A class action complaint was filed against BART, the San Francisco Bay Area Rapid Transit District, on May 22, 2017 in the District Court for the Northern District of California alleging BART created a “clandestine collection of private cell phone identifiers.” In particular, the plaintiffs claim the “BART Watch APP”—a mobile application that provided users with transit information and the ability to contact the police—collected private data in violation of California’s privacy laws. Elerts Corporation, the software developer, was also named as a defendant for its development of the App.
The Plaintiffs claim that “a detailed review of the BART Watch App reveals that Defendants have been using it to secretly collect Californians’ unique mobile device identification numbers…and periodically track their location.” The Plaintiffs further allege that “by collecting the device identification numbers, locations, and other personal information…Defendants have amassed a trove of data through the App.” And, Plaintiffs claim that these actions by BART and BART Police are prohibited under California law.
- Privacy concerns over law enforcement tracking and collecting cell phone data
Some background is needed on “government surveillance technology” to fully understand the substance of Plaintiffs’ claims. The Complaint addresses news reports in March 2014 about California law enforcement agencies using “Stingray” devices to track and collect cell phone data in a given area. As the reporting on Stingray devices increased, the California legislature took steps to limit the use of Stingrays and similar data collecting technology in California. The Legislature sought to limit “the government’s use of communications interception technologies to ‘collect a variety of data about ‘caught’ cell phones, particularly the phone’s unique numeric identifier and its physical location.”
- Alleged privacy concerns with BART’s Watch App
The Complaint alleges that “[a] forensic review of the App and how it communicates with Defendants’ servers reveals the BART Watch App was programmed to operate just as the communications interception technologies the California Legislature has warned of.” That is, the Plaintiffs assert that the App improperly collects data from users’ cell phones including “the phone’s unique numeric identifier and its physical location.” The Plaintiffs further assert the App violates users’ privacy when contact information entered by a user is combined with the phones unique numeric identifier.
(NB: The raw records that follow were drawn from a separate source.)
theorem mainTheorem6:
  fixes Dv :: "'q::finite \<Rightarrow> complex^'d::finite"
    and e :: "'q \<Rightarrow> complex^'d^'d"
  assumes nz: "\<exists>\<Theta>. Dv \<Theta> \<noteq> 0"
    and sym: "\<And>\<Theta> i j. e \<Theta> $ i $ j = e \<Theta> $ j $ i"
  shows "invertible (Amat Dv)
    \<and> (\<exists>!u. \<forall>v. resid Dv e u \<le> resid Dv e v)
    \<and> (\<forall>u. (\<forall>v. resid Dv e u \<le> resid Dv e v) \<longleftrightarrow> Amat Dv *v u = rhs Dv e)
    \<and> (\<forall>u. (\<forall>v. resid Dv e u \<le> resid Dv e v) \<longrightarrow>
          (\<forall>i. u $ i = (\<Sum>\<Theta>\<in>UNIV. \<Sum>l\<in>UNIV. \<Sum>m\<in>UNIV.
               (Dinv Dv \<Theta> $ l * hmat Dv $ i $ m + hmat Dv $ i $ l * Dinv Dv \<Theta> $ m) * e \<Theta> $ l $ m))
        \<and> (\<forall>\<Theta> i j. (Dv \<Theta> $ i * u $ j + u $ i * Dv \<Theta> $ j) / 2 =
               (\<Sum>\<Lambda>\<in>UNIV. \<Sum>l\<in>UNIV. \<Sum>m\<in>UNIV. Gten Dv \<Theta> \<Lambda> i j l m * e \<Lambda> $ l $ m)))
    \<and> (CARD('q) = 1 \<longrightarrow> (\<forall>\<Theta>. hmat Dv = mat 1 - scaleR (1/2) (gmat Dv \<Theta> \<Theta>)))"
proof -
  have inv: "invertible (Amat Dv)" by (rule invertible_Amat[OF nz])
  define u\<^sub>0 where "u\<^sub>0 = hmat Dv *v rhs Dv e"
  have normal: "Amat Dv *v u\<^sub>0 = rhs Dv e"
    unfolding u\<^sub>0_def hmat_def matrix_vector_mul_assoc matrix_inv_left_right(1)[OF inv] by simp
  have minimizer_iff: "(\<forall>v. resid Dv e u \<le> resid Dv e v) \<longleftrightarrow> u = u\<^sub>0" for u
    using resid_eq_add_sym_grad_sqnorm[OF Dnorm_nonzero[OF nz] sym normal] sym_grad_sqnorm_nonneg
      sym_grad_sqnorm_eq_0_imp_eq_0[OF nz] by (rule minimizer_iff_eq_of_decomposition)
  have normal_iff: "Amat Dv *v u = rhs Dv e \<longleftrightarrow> u = u\<^sub>0" for u
    using normal inj_matrix_vector_mult[OF inv] by (metis injD)
  have u\<^sub>0_formula: "u\<^sub>0 $ i = (\<Sum>\<Theta>\<in>UNIV. \<Sum>l\<in>UNIV. \<Sum>m\<in>UNIV.
      (Dinv Dv \<Theta> $ l * hmat Dv $ i $ m + hmat Dv $ i $ l * Dinv Dv \<Theta> $ m) * e \<Theta> $ l $ m)" for i
    unfolding u\<^sub>0_def by (rule matrix_vector_mult_rhs_component)
  show ?thesis
    using inv u\<^sub>0_formula sym_grad_eq_sum_Gten[OF u\<^sub>0_formula] hmat_single_element[OF nz]
    by (simp add: minimizer_iff normal_iff sym_grad_def)
qed

end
In short, plaintiffs claim the App results in collecting “a host of identifying, tracking, and sensitive data” from users without their permission.
The Third Cause of Action, entitled Violation of Privacy Rights, claims the BART Watch App violates Article I of the California Constitution which “protects citizens against unwanted access to data by electronic and covert means…” This provisions of the California Constitution provides that “All people are by nature free and independent and have inalienable rights. Among these are enjoying and defending life and liberty, acquiring, possessing, and protecting property, and pursuing and obtaining safety, happiness, and privacy.” The Plaintiff’s theory against BART is that the California Legislature recognized that “governmental agencies’ unchecked power to track a ‘phone’s unique numeric identifier and its physical location’” posed a threat to the public. The Legislature attempted to address this threat by enacting such laws as the Cellular Communications Interception Act. That is, the Plaintiffs claim that BART has created this App which is “masquerading as a transit app that secretly collects” Californians’ private information in an effort to get around the Legislature’s attempt to safeguard this data.
- Impact of this litigation
The practical impact of this litigation may, admittedly, be limited in scope. Plaintiff’s first cause of action is based on allegations that BART violated the Cellular Communications Interception Act. This Act required BART to install proper procedures and practices to safeguard user data. Consequently, the outcome of this litigation may be limited to data collectors gathering information through cellular communications. Further, the Plaintiffs’ action is based on the concern over the collection of private data by governmental agencies.
However, while this litigation may offer the most insight for cellular data collection by governmental agencies, private data collectors should not ignore the substance of these allegations. A number of the allegations in the Complaint call into question whether users were properly informed how their data would be used by BART or other governmental agencies. That is, the Complaint alleges that privacy disclosures were not easily accessible for users to review before agreeing to download the App. Regardless of whether the allegations are true against BART, this litigation makes clear that data collectors have a fiduciary responsibility to use data for the exact purpose the data was provided and nothing more.